チ:はい。LinkedInは唯一のビジネス向けSNSなので、うまく活用できれば効率よくリードの獲得や売上に繋げることができます。
アメリカのクレジットカード会社であるAmerican Express(アメリカン・エキスプレス)は、LinkedInを活用することで、中小企業のオーナーさんに向けて情報を発信し、リード獲得コストを23%も下げることに成功しました。
4. LinkedIn広告の種類
徳:LinkedIn広告の特徴はわかりましたが、具体的にどんな広告を配信できるのでしょうか?
チ:LinkedInの広告は大まかに分けて、
「ブランド認知(Brand Awareness)」
「検討(Consideration)」
「コンバージョン(Conversion)」
の3種類があります。配信する目的に応じて最適なものを選択しましょう。
① ブランド認知(Brand Awareness)
このキャンペーンの課金モデルは、CPMです。要するに、1,000インプレッションを獲得できた都度、広告費を請求されます。ブランド認知が目的の場合に有効的な広告です。
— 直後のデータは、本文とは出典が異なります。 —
(* Let $\mathcal C$ be a $\dagger$-symmetric monoidal category, let $(A,\delta_A,\gamma_A)$ be a $\dagger$-Frobenius structure in $\mathcal C$, and let $U:A\to A$ be unitary. Then $(A,\ (U\otimes U)\circ\delta_A\circ U^\dagger,\ \gamma_A\circ U^\dagger)$ is also a $\dagger$-Frobenius structure. Moreover, the two $\dagger$-compact structures induced by these two $\dagger$-Frobenius structures (namely $\epsilon=\gamma_A\circ\delta_A^\dagger$ and $\epsilon'=\gamma_A\circ U^\dagger\circ\big((U\otimes U)\circ\delta_A\circ U^\dagger\big)^\dagger$, both of type $A\otimes A\to I$) coincide if and only if $U_*=U$, where $U_*$ is computed with respect to the self-dual compact structure $\epsilon$ on $A$ (with $A^*=A$).
   Context: A $\dagger$-symmetric monoidal category ($\dagger$-SMC) is a symmetric monoidal category (associativity and unit isomorphisms taken strict, symmetry $\sigma_{A,B}:A\otimes B\to B\otimes A$) with an involutive, identity-on-objects contravariant functor $\dagger$ satisfying $(g\circ f)^\dagger=f^\dagger\circ g^\dagger$, $f^{\dagger\dagger}=f$, $(f\otimes g)^\dagger=f^\dagger\otimes g^\dagger$, and $\sigma^\dagger=\sigma^{-1}$. A morphism $f$ is unitary if it is invertible with $f^{-1}=f^\dagger$. A $\dagger$-Frobenius structure is a co-commutative comonoid $(A,\delta_A:A\to A\otimes A,\gamma_A:A\to I)$ (coassociative, counital) such that $\delta_A^\dagger\circ\delta_A=1_A$ and $\delta_A\circ\delta_A^\dagger=(\delta_A^\dagger\otimes 1_A)\circ(1_A\otimes\delta_A)$. A $\dagger$-compact structure is a pair $(A,\epsilon_A:A\otimes A^*\to I)$ (for some object $A^*$) with $(\epsilon_A\otimes 1_A)\circ(1_A\otimes\sigma_{A,A^*})\circ(1_A\otimes\epsilon_A^\dagger)=1_A$; for a $\dagger$-Frobenius structure, $(A,\gamma_A\circ\delta_A^\dagger)$ is a $\dagger$-compact structure with $A^*=A$. Given such a self-dual compact structure $\epsilon:A\otimes A\to I$, for $f:A\to A$ define $f^*:=(1_A\otimes\epsilon)\circ(1_A\otimes f\otimes 1_A)\circ(\epsilon^\dagger\otimes 1_A):A\to A$ and $f_*:=(f^\dagger)^*$. *)

theory Defs
  imports Main
begin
すでに顧客が一定数がいて、さらに認知を拡大したい場合に使うことができます。ブランドを立ち上げたばかりや、すぐに売上や成果を出したい場合には、次の②検討と③コンバージョンがより効果的です。
②検討 (Consideration)
お客様に自社の商品やサービスに関心を持たせたい、検討させたい場合に、この「検討」キャンペーンを使います。たとえば、自社サイトのアクセス数、エンゲージメント数、SNSシェア数、プロモーションビデオ視聴数、LinkedInフォロワー数などを増やしたい場合に有効です。1フォロワーあたり、いくら使うかなど細かく設定できます。
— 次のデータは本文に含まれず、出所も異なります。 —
lemma rel_append_inv_word: "x @ inv_word x \<approx>\<^sub>E []"
proof (induction x)
  case (Cons l x)
  have "l # x @ inv_word x @ [(fst l, \<not> snd l)] \<approx>\<^sub>E [l] @ [] @ [(fst l, \<not> snd l)]"
    using rel_context[OF Cons.IH, of "[l]" "[(fst l, \<not> snd l)]"] by simp
  also have "\<dots> \<approx>\<^sub>E []"
    using rel_cancel[of "[]" "fst l" "snd l" "[]"] by simp
  finally show ?case by simp
qed simp

lemma rel_inv_word_append: "inv_word x @ x \<approx>\<^sub>E []"
  using rel_append_inv_word[of "inv_word x"] by simp

lemma rel_cancel_word: "p @ x @ inv_word x @ q \<approx>\<^sub>E p @ q"
  using rel_context[OF rel_append_inv_word] by simp

lemma rel_cancel_inv_word: "p @ inv_word x @ x @ q \<approx>\<^sub>E p @ q"
  using rel_context[OF rel_inv_word_append] by simp

lemma rel_inv_word:
  assumes "x \<approx>\<^sub>E y"
  shows "inv_word x \<approx>\<^sub>E inv_word y"
proof -
  have "inv_word x \<approx>\<^sub>E inv_word x @ y @ inv_word y"
    using rel_sym[OF rel_cancel_word[of "inv_word x" y "[]"]] by simp
  also have "\<dots> \<approx>\<^sub>E inv_word x @ x @ inv_word y"
    using rel_context[OF rel_sym[OF assms]] .
  also have "\<dots> \<approx>\<^sub>E inv_word y"
    using rel_cancel_inv_word[of "[]" x "inv_word y"] by simp
  finally show ?thesis .
qed

lemma rel_commute_inv_word:
  assumes "x @ y \<approx>\<^sub>E y @ x"
  shows "inv_word x @ y \<approx>\<^sub>E y @ inv_word x"
proof -
  have "inv_word x @ y \<approx>\<^sub>E inv_word x @ (y @ x) @ inv_word x"
    using rel_sym[OF rel_cancel_word[of "inv_word x @ y" x "[]"]] by simp
  also have "\<dots> \<approx>\<^sub>E inv_word x @ (x @ y) @ inv_word x"
    using rel_context[OF rel_sym[OF assms]] .
  also have "\<dots> \<approx>\<^sub>E y @ inv_word x"
    using rel_cancel_inv_word[of "[]" x "y @ inv_word x"] by simp
  finally show ?thesis .
qed

lemma rel_commute_signed:
  assumes "x @ y \<approx>\<^sub>E y @ x"
  shows "(if b then x else inv_word x) @ (if d then y else inv_word y)
           \<approx>\<^sub>E (if d then y else inv_word y) @ (if b then x else inv_word x)"
proof -
  have yx: "inv_word y @ x \<approx>\<^sub>E x @ inv_word y"
    using rel_commute_inv_word[OF rel_sym[OF assms]] .
  have "inv_word x @ inv_word y \<approx>\<^sub>E inv_word y @ inv_word x"
    using rel_commute_inv_word[OF rel_sym[OF yx]] by simp
  then show ?thesis
    using assms rel_sym[OF yx] rel_commute_inv_word[OF assms] by (cases b; cases d) simp_all
qed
徳:なるほど。KPI(重要業績評価指標)を重視する場合は、こちらの「検討」キャンペーンを中心に使っていくのでしょうか?
チ:そうですね。フォロワー数を獲得のキャンペーンはよく見ます。
徳:なるほど。まずは、この
①ブランド認知(Brand Awareness )
②検討 (Consideration)
を使って、認知やフォロワーを増やせますね。
③コンバージョン (Conversion)
3つ目、最後のこのキャンペーンは、②検討 (Consideration)と似ていますが、お客様に自社商品に関心を持たせるだけではなく、成約まで繋ぎたい場合に有効なキャンペーンです。「問い合わせフォーム記入」や「商品購入」など、さらに具体的になアクションに最適化できます。
ただ、このキャンペーンの難易度はかなり高いです。最初は「②検討」のキャンペーンを配信し、関心を持ったお客さんのデータを集めてから、③のコンバージョンキャンペーンに移すことをオススメします。
徳:なるほど。目標に応じてキャンペーンを使い分けするんですね。最初から問い合わせを獲得するのはむずかしいですよね。。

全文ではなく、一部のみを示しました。